Hughie Campbell: I, um... used to know this girl, and we used to go skating at Rockefeller, and I'd be on the side with this death grip on the rails. She would just charge headfirst into the middle of the rink. And she wasn't... good. Like, she fell... a lot... but she was never scared. And she always used to say: "Just 'cause you fall on your a$$ doesn't mean you have to stay there."
Annie January: I'm just having a bad day.
Hughie Campbell: Yeah, me, too. Uh... is it, like, a-a work thing, or... a-a life thing?

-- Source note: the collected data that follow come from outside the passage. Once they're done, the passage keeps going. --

(* Let $\mathcal{H}^c_{A_{n-1}}$ be the degenerate affine Hecke–Clifford algebra of type $A_{n-1}$ and let $w_{(n)}=s_1s_2\cdots s_{n-1}$, the $n$-cycle $(1\,2\,\cdots\,n)$. For every subset $I\subseteq\{1,\dots,n\}$ with $|I|$ even there is $\epsilon\in\{1,-1\}$ with $w_{(n)}c_I-\epsilon\, w_{(n)}\in[\mathcal{H}^c_{A_{n-1}},\mathcal{H}^c_{A_{n-1}}]$.
   Context: $\mathcal{H}^c_{A_{n-1}}$ (parameter $u\in\mathbb{C}$) is the $\mathbb{C}$-algebra generated by commuting $x_1,\dots,x_n$, Clifford generators $c_1,\dots,c_n$ ($c_i^2=1$, $c_ic_j=-c_jc_i$ for $i\ne j$) and the symmetric group $S_n$ (simple reflections $s_i=(i,i+1)$), with $\mathbb{C}[x]$, the Clifford algebra and $\mathbb{C}S_n$ subalgebras and relations $x_ic_i=-c_ix_i$, $x_ic_j=c_jx_i$ ($i\ne j$), $\sigma c_i=c_{\sigma(i)}\sigma$ ($\sigma\in S_n$), $x_{i+1}s_i-s_ix_i=u(1-c_{i+1}c_i)$, $x_js_i=s_ix_j$ ($j\ne i,i+1$). For $I=\{i_1<\dots<i_m\}$, $c_I=c_{i_1}\cdots c_{i_m}$. $[H,H]$ denotes the linear span of all commutators $hh'-h'h$. *)

theory Defs
  imports Complex_Main "HOL-Combinatorics.Transposition" "HOL-Combinatorics.Permutations"
begin

text \<open>A unital associative C-algebra is encoded as a ring together with a central
unital ring homomorphism emb from the complex numbers (the scalars).\<close>

definition central_scalars :: "(complex \<Rightarrow> 'a::ring_1) \<Rightarrow> bool" where
  "central_scalars emb \<longleftrightarrow>
     emb 1 = 1 \<and> (\<forall>a b. emb (a + b) = emb a + emb b) \<and>
     (\<forall>a b. emb (a * b) = emb a * emb b) \<and> (\<forall>a y. emb a * y = y * emb a)"

inductive_set comm_span :: "(complex \<Rightarrow> 'a::ring_1) \<Rightarrow> 'a set" for emb where
  zero: "0 \<in> comm_span emb"
| comm: "a * b - b * a \<in> comm_span emb"
| add: "x \<in> comm_span emb \<Longrightarrow> y \<in> comm_span emb \<Longrightarrow> x + y \<in> comm_span emb"
| smult: "x \<in> comm_span emb \<Longrightarrow> emb z * x \<in> comm_span emb"

definition HC_relations ::
  "nat \<Rightarrow> complex \<Rightarrow> (complex \<Rightarrow> 'a::ring_1) \<Rightarrow> (nat \<Rightarrow> 'a) \<Rightarrow> (nat \<Rightarrow> 'a)
     \<Rightarrow> ((nat \<Rightarrow> nat) \<Rightarrow> 'a) \<Rightarrow> bool" where
  "HC_relations n u emb x c T \<longleftrightarrow>
     central_scalars emb \<and>
     (\<forall>i\<in>{1..n}. \<forall>j\<in>{1..n}. x i * x j = x j * x i) \<and>
     (\<forall>i\<in>{1..n}. c i * c i = 1) \<and>
     (\<forall>i\<in>{1..n}. \<forall>j\<in>{1..n}. i \<noteq> j \<longrightarrow> c i * c j = - (c j * c i)) \<and>
     T id = 1 \<and>
     (\<forall>\<sigma> \<tau>. \<sigma> permutes {1..n} \<longrightarrow> \<tau> permutes {1..n} \<longrightarrow> T (\<sigma> \<circ> \<tau>) = T \<sigma> * T \<tau>) \<and>
     (\<forall>i\<in>{1..n}. x i * c i = - (c i * x i)) \<and>
     (\<forall>i\<in>{1..n}. \<forall>j\<in>{1..n}. i \<noteq> j \<longrightarrow> x i * c j = c j * x i) \<and>
     (\<forall>\<sigma> i. \<sigma> permutes {1..n} \<longrightarrow> i \<in> {1..n} \<longrightarrow> T \<sigma> * c i = c (\<sigma> i) * T \<sigma>) \<and>
     (\<forall>i. 1 \<le> i \<and> i < n \<longrightarrow>
        x (i+1) * T (transpose i (i+1)) - T (transpose i (i+1)) * x i
          = emb u * (1 - c (i+1) * c i)) \<and>
     (\<forall>i j. 1 \<le> i \<and> i < n \<longrightarrow> j \<in> {1..n} \<longrightarrow> j \<noteq> i \<longrightarrow> j \<noteq> i+1 \<longrightarrow>
        x j * T (transpose i (i+1)) = T (transpose i (i+1)) * x j)"

definition w_cycle :: "nat \<Rightarrow> ((nat \<Rightarrow> nat) \<Rightarrow> 'a::ring_1) \<Rightarrow> 'a" where
  "w_cycle n T = prod_list (map (\<lambda>i. T (transpose i (i+1))) [1..<n])"

definition cliff_prod :: "(nat \<Rightarrow> 'a::ring_1) \<Rightarrow> nat set \<Rightarrow> 'a" where
  "cliff_prod c I = prod_list (map c (sorted_list_of_set I))"

end

theory Submission
  imports Defs
begin

text \<open>Since \<open>w c\<^sub>k = c\<^sub>k\<^sub>+\<^sub>1 w\<close>, the commutator \<open>[w c', c\<^sub>k\<^sub>+\<^sub>1]\<close> shows
  \<open>w c' c\<^sub>k\<^sub>+\<^sub>1 \<equiv> w c\<^sub>k c'\<close> modulo \<open>[H,H]\<close>. As the Clifford generators commute
  up to sign, any factor \<open>c\<^sub>k\<^sub>+\<^sub>1\<close> of a Clifford word after \<open>w\<close> can be moved to the end and
  thereby lowered to \<open>c\<^sub>k\<close>, at the cost of a sign. Lowering all indices to 1 turns
  \<open>w c\<^sub>I\<close> into \<open>\<plusminus> w c\<^sub>1\<^bsup>|I|\<^esup> = \<plusminus> w\<close>, because \<open>|I|\<close> is even.\<close>

lemma comm_span_uminus: "a \<in> comm_span emb \<Longrightarrow> - a \<in> comm_span emb"
proof (induction rule: comm_span.induct)
  case zero
  show ?case by (simp add: comm_span.zero)
next
  case (comm a b)
  show ?case using comm_span.comm[of b a emb] by simp
next
  case (add x y)
  then show ?case using comm_span.add[of "- x" emb "- y"] by (simp add: add.commute)
next
  case (smult x z)
  then show ?case using comm_span.smult[of "- x" emb z] by simp
qed

definition sign_cong :: "(complex \<Rightarrow> 'a::ring_1) \<Rightarrow> 'a \<Rightarrow> 'a \<Rightarrow> bool" where
  "sign_cong emb a b \<longleftrightarrow> (\<exists>\<epsilon>::int. \<epsilon> \<in> {1, -1} \<and> a - of_int \<epsilon> * b \<in> comm_span emb)"

lemma sign_cong_if_eq_or_eq_neg: "a = b \<or> a = - b \<Longrightarrow> sign_cong emb a b"
proof -
  assume "a = b \<or> a = - b"
  then have "a - of_int 1 * b \<in> comm_span emb \<or> a - of_int (- 1) * b \<in> comm_span emb"
    by (auto simp: comm_span.zero)
  then show ?thesis unfolding sign_cong_def by blast
qed

lemma sign_cong_mult_commute: "sign_cong emb (a * b) (b * a)"
  unfolding sign_cong_def using comm_span.comm[of a b emb] by (intro exI[of _ 1]) simp

lemma sign_cong_trans:
  assumes "sign_cong emb a b" and "sign_cong emb b d"
  shows "sign_cong emb a d"
proof -
  obtain e where e: "e \<in> {1, -1::int}" "a - of_int e * b \<in> comm_span emb"
    using assms(1) unfolding sign_cong_def by blast
  obtain f where f: "f \<in> {1, -1::int}" "b - of_int f * d \<in> comm_span emb"
    using assms(2) unfolding sign_cong_def by blast
  have "of_int e * (b - of_int f * d) \<in> comm_span emb"
    using e(1) f(2) comm_span_uminus[OF f(2)] by auto
  then have "(a - of_int e * b) + of_int e * (b - of_int f * d) \<in> comm_span emb"
    by (rule comm_span.add[OF e(2)])
  moreover have "(a - of_int e * b) + of_int e * (b - of_int f * d) = a - of_int (e * f) * d"
    by (simp add: algebra_simps)
  ultimately have "a - of_int (e * f) * d \<in> comm_span emb" by simp
  moreover have "e * f \<in> {1, -1}" using e(1) f(1) by auto
  ultimately show ?thesis unfolding sign_cong_def by blast
qed

lemma mult_prod_list_commute_up_to_sign:
  fixes a :: "'a::ring_1"
  assumes "\<And>b. b \<in> set bs \<Longrightarrow> a * b = b * a \<or> a * b = - (b * a)"
  shows "a * prod_list bs = prod_list bs * a \<or> a * prod_list bs = - (prod_list bs * a)"
  using assms
proof (induction bs)
  case Nil
  show ?case by simp
next
  case (Cons b bs)
  let ?P = "prod_list bs"
  have ab: "a * b = b * a \<or> a * b = - (b * a)" using Cons.prems by simp
  have aP: "a * ?P = ?P * a \<or> a * ?P = - (?P * a)" using Cons by simp
  have "a * (b * ?P) = b * (a * ?P) \<or> a * (b * ?P) = - (b * (a * ?P))"
    using ab by (auto simp: mult.assoc[symmetric])
  moreover have "b * (a * ?P) = b * ?P * a \<or> b * (a * ?P) = - (b * ?P * a)"
    using aP by (auto simp: mult.assoc)
  ultimately have "a * (b * ?P) = b * ?P * a \<or> a * (b * ?P) = - (b * ?P * a)"
    by auto
  then show ?case by simp
qed

lemma prod_list_mult_conj:
  fixes f :: "'b \<Rightarrow> 'a::monoid_mult" and c :: "'c \<Rightarrow> 'a"
  assumes "\<And>s j. s \<in> set ss \<Longrightarrow> j \<in> A \<Longrightarrow> f s * c j = c (\<pi> s j) * f s"
    and "\<And>s j. s \<in> set ss \<Longrightarrow> j \<in> A \<Longrightarrow> \<pi> s j \<in> A"
    and "j \<in> A"
  shows "prod_list (map f ss) * c j
           = c (fold (\<lambda>s \<sigma>. \<sigma> \<circ> \<pi> s) ss id j) * prod_list (map f ss)"
  using assms
proof (induction ss arbitrary: j rule: rev_induct)
  case Nil
  show ?case by simp
next
  case (snoc s ss)
  let ?P = "prod_list (map f ss)" and ?\<sigma> = "fold (\<lambda>s \<sigma>. \<sigma> \<circ> \<pi> s)"
  have "prod_list (map f (ss @ [s])) * c j = ?P * (f s * c j)"
    by (simp add: mult.assoc)
  also have "\<dots> = ?P * c (\<pi> s j) * f s"
    using snoc.prems by (simp add: mult.assoc)
  also have "\<dots> = c (?\<sigma> ss id (\<pi> s j)) * ?P * f s"
    by (subst snoc.IH) (use snoc.prems in auto)
  also have "\<dots> = c (?\<sigma> (ss @ [s]) id j) * prod_list (map f (ss @ [s]))"
    by (simp add: mult.assoc)
  finally show ?case .
qed

lemma fold_transpose_upt_apply:
  "fold (\<lambda>i \<sigma>. \<sigma> \<circ> transpose i (i + 1)) [a..<m] id j
     = (if a \<le> j \<and> j < m then j + 1 else if j = m \<and> a \<le> m then a else j)"
  by (induction m arbitrary: j) (auto simp: transpose_def)

lemma w_cycle_mult_c:
  assumes "HC_relations n u emb x c T" and "1 \<le> k" and "k < n"
  shows "w_cycle n T * c k = c (k + 1) * w_cycle n T"
proof -
  have T_mult_c: "\<And>\<sigma> j. \<sigma> permutes {1..n} \<Longrightarrow> j \<in> {1..n} \<Longrightarrow> T \<sigma> * c j = c (\<sigma> j) * T \<sigma>"
    using assms(1) unfolding HC_relations_def by blast
  have transpose_permutes: "transpose i (i + 1) permutes {1..n}" if "i \<in> set [1..<n]" for i
    using that by (intro permutes_swap_id) auto
  have "w_cycle n T * c k
      = c (fold (\<lambda>i \<sigma>. \<sigma> \<circ> transpose i (i + 1)) [1..<n] id k) * w_cycle n T"
    unfolding w_cycle_def
  proof (rule prod_list_mult_conj[where A = "{1..n}"])
    fix i j assume i: "i \<in> set [1..<n]" and j: "j \<in> {1..n}"
    show "T (transpose i (i + 1)) * c j = c (transpose i (i + 1) j) * T (transpose i (i + 1))"
      using T_mult_c[OF transpose_permutes[OF i] j] .
    show "transpose i (i + 1) j \<in> {1..n}"
      using j by (simp only: permutes_in_image[OF transpose_permutes[OF i]])
  qed (use assms(2,3) in simp)
  then show ?thesis
    unfolding fold_transpose_upt_apply using assms(2,3) by simp
qed

lemma mult_clifford_word_sign_cong:
  fixes w :: "'a::ring_1" and c :: "nat \<Rightarrow> 'a"
  assumes c_square: "\<And>i. i \<in> {1..n} \<Longrightarrow> c i * c i = 1"
    and c_anticomm: "\<And>i j. i \<in> {1..n} \<Longrightarrow> j \<in> {1..n} \<Longrightarrow> i \<noteq> j \<Longrightarrow> c i * c j = - (c j * c i)"
    and w_shift: "\<And>k. 1 \<le> k \<Longrightarrow> k < n \<Longrightarrow> w * c k = c (k + 1) * w"
  shows "set L \<subseteq> {1..n} \<Longrightarrow> even (length L) \<Longrightarrow> sign_cong emb (w * prod_list (map c L)) w"
proof (induction "sum_list L" arbitrary: L rule: less_induct)
  case less
  show ?case
  proof (cases "\<forall>i \<in> set L. i = 1")
    case True
    show ?thesis
    proof (cases "L = []")
      case False
      then have "c 1 * c 1 = 1" using less.prems(1) c_square by (cases L) auto
      moreover obtain q where "length L = 2 * q" using less.prems(2) by blast
      moreover have "map c L = replicate (length L) (c 1)"
        using True by (intro replicate_eqI) auto
      ultimately have "prod_list (map c L) = 1"
        by (simp add: prod_list_replicate power_mult power2_eq_square)
      then show ?thesis by (simp add: sign_cong_if_eq_or_eq_neg)
    qed (simp add: sign_cong_if_eq_or_eq_neg)
  next
    case False
    then obtain y L1 L2 where L: "L = L1 @ y # L2" and "y \<noteq> 1"
      by (meson split_list)
    then have y: "2 \<le> y" "y \<le> n" using less.prems(1) by auto
    let ?L' = "L1 @ L2" and ?C = "\<lambda>M. prod_list (map c M)"
    have L'_sub: "set ?L' \<subseteq> {1..n}" using less.prems(1) L by auto
    have "c y * ?C L2 = ?C L2 * c y \<or> c y * ?C L2 = - (?C L2 * c y)"
    proof (rule mult_prod_list_commute_up_to_sign)
      fix b assume "b \<in> set (map c L2)"
      then obtain i where "i \<in> set L2" "b = c i" by auto
      then show "c y * b = b * c y \<or> c y * b = - (b * c y)"
        using L'_sub y c_anticomm[of y i] by (cases "i = y") auto
    qed
    moreover have "w * ?C L = w * ?C L1 * (c y * ?C L2)"
      and "w * ?C ?L' * c y = w * ?C L1 * (?C L2 * c y)"
      unfolding L by (simp_all add: mult.assoc)
    ultimately have move: "sign_cong emb (w * ?C L) (w * ?C ?L' * c y)"
      by (intro sign_cong_if_eq_or_eq_neg) auto
    have "c y * w = w * c (y - 1)"
      using w_shift[of "y - 1"] y by simp
    then have shift: "c y * (w * ?C ?L') = w * ?C ((y - 1) # ?L')"
      by (simp add: mult.assoc[symmetric])
    have lowered: "sign_cong emb (w * ?C ((y - 1) # ?L')) w"
    proof (rule less.hyps)
      show "sum_list ((y - 1) # ?L') < sum_list L" using L y by simp
      show "set ((y - 1) # ?L') \<subseteq> {1..n}" using L'_sub y by auto
      show "even (length ((y - 1) # ?L'))" using less.prems(2) L by simp
    qed
    show ?thesis
      using sign_cong_trans[OF sign_cong_trans[OF move sign_cong_mult_commute]] lowered
      unfolding shift .
  qed
qed

theorem lemma3p1p2:
  fixes n :: nat and u :: complex and emb :: "complex \<Rightarrow> 'a::ring_1"
    and x c :: "nat \<Rightarrow> 'a" and T :: "(nat \<Rightarrow> nat) \<Rightarrow> 'a" and I :: "nat set"
  assumes "HC_relations n u emb x c T"
    and "I \<subseteq> {1..n}" and "even (card I)"
  shows "\<exists>\<epsilon>::int. \<epsilon> \<in> {1, -1} \<and>
           w_cycle n T * cliff_prod c I - of_int \<epsilon> * w_cycle n T \<in> comm_span emb"
proof -
  have "finite I" using assms(2) finite_subset by blast
  have "sign_cong emb (w_cycle n T * prod_list (map c (sorted_list_of_set I))) (w_cycle n T)"
  proof (rule mult_clifford_word_sign_cong)
    show "\<And>i. i \<in> {1..n} \<Longrightarrow> c i * c i = 1"
      and "\<And>i j. i \<in> {1..n} \<Longrightarrow> j \<in> {1..n} \<Longrightarrow> i \<noteq> j \<Longrightarrow> c i * c j = - (c j * c i)"
      using assms(1) unfolding HC_relations_def by blast+
    show "\<And>k. 1 \<le> k \<Longrightarrow> k < n \<Longrightarrow> w_cycle n T * c k = c (k + 1) * w_cycle n T"
      using w_cycle_mult_c[OF assms(1)] .
    show "set (sorted_list_of_set I) \<subseteq> {1..n}" "even (length (sorted_list_of_set I))"
      using \<open>finite I\<close> assms(2,3) by simp_all
  qed
  then show ?thesis unfolding sign_cong_def cliff_prod_def .
qed

end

Annie January: It's a work thing. You?
Hughie Campbell: Uh... life thing.
Annie January: You know how you have this... image of yourself? Like, I thought I was strong. You know? Like, made of steel. A fighter. And... then I was faced with this horrible situation with this a**hole... and... I just heard my mom's voice in my head, "Keep smiling, the show must go on," and... I didn't fight. And now I just feel sick. Partly because I did it, but... mostly because... turns out I'm not who I thought I was.
Robin Ward: Excuse me, sir? Hi. I'd like to make an appointment for you to come over and... lay some cable.
Hughie Campbell: Okay. Uh... oh, Robin. Oh, dear, dear, Robin. Um, that doesn't mean what you think it means.
Robin Ward: Um, "laying cable" means sex.
Hughie Campbell: No, "laying pipe" means sex. "Laying cable" means you want me to come over to your house and just take a big, old sh*t.
Robin Ward: That's disgusting.
Hughie Campbell: Well, okay. But you... Who-who said it, though?
Robin Ward: Okay. Are you ready? Despite your best efforts, I'm actually still hungry.
Hughie Campbell: I'm actually more hungry now.
Robin Ward: Where are we gonna go after all this hot talk? You know?
Hughie Campbell: I don't know. More importantly, where are we gonna go to lay some cable afterwards?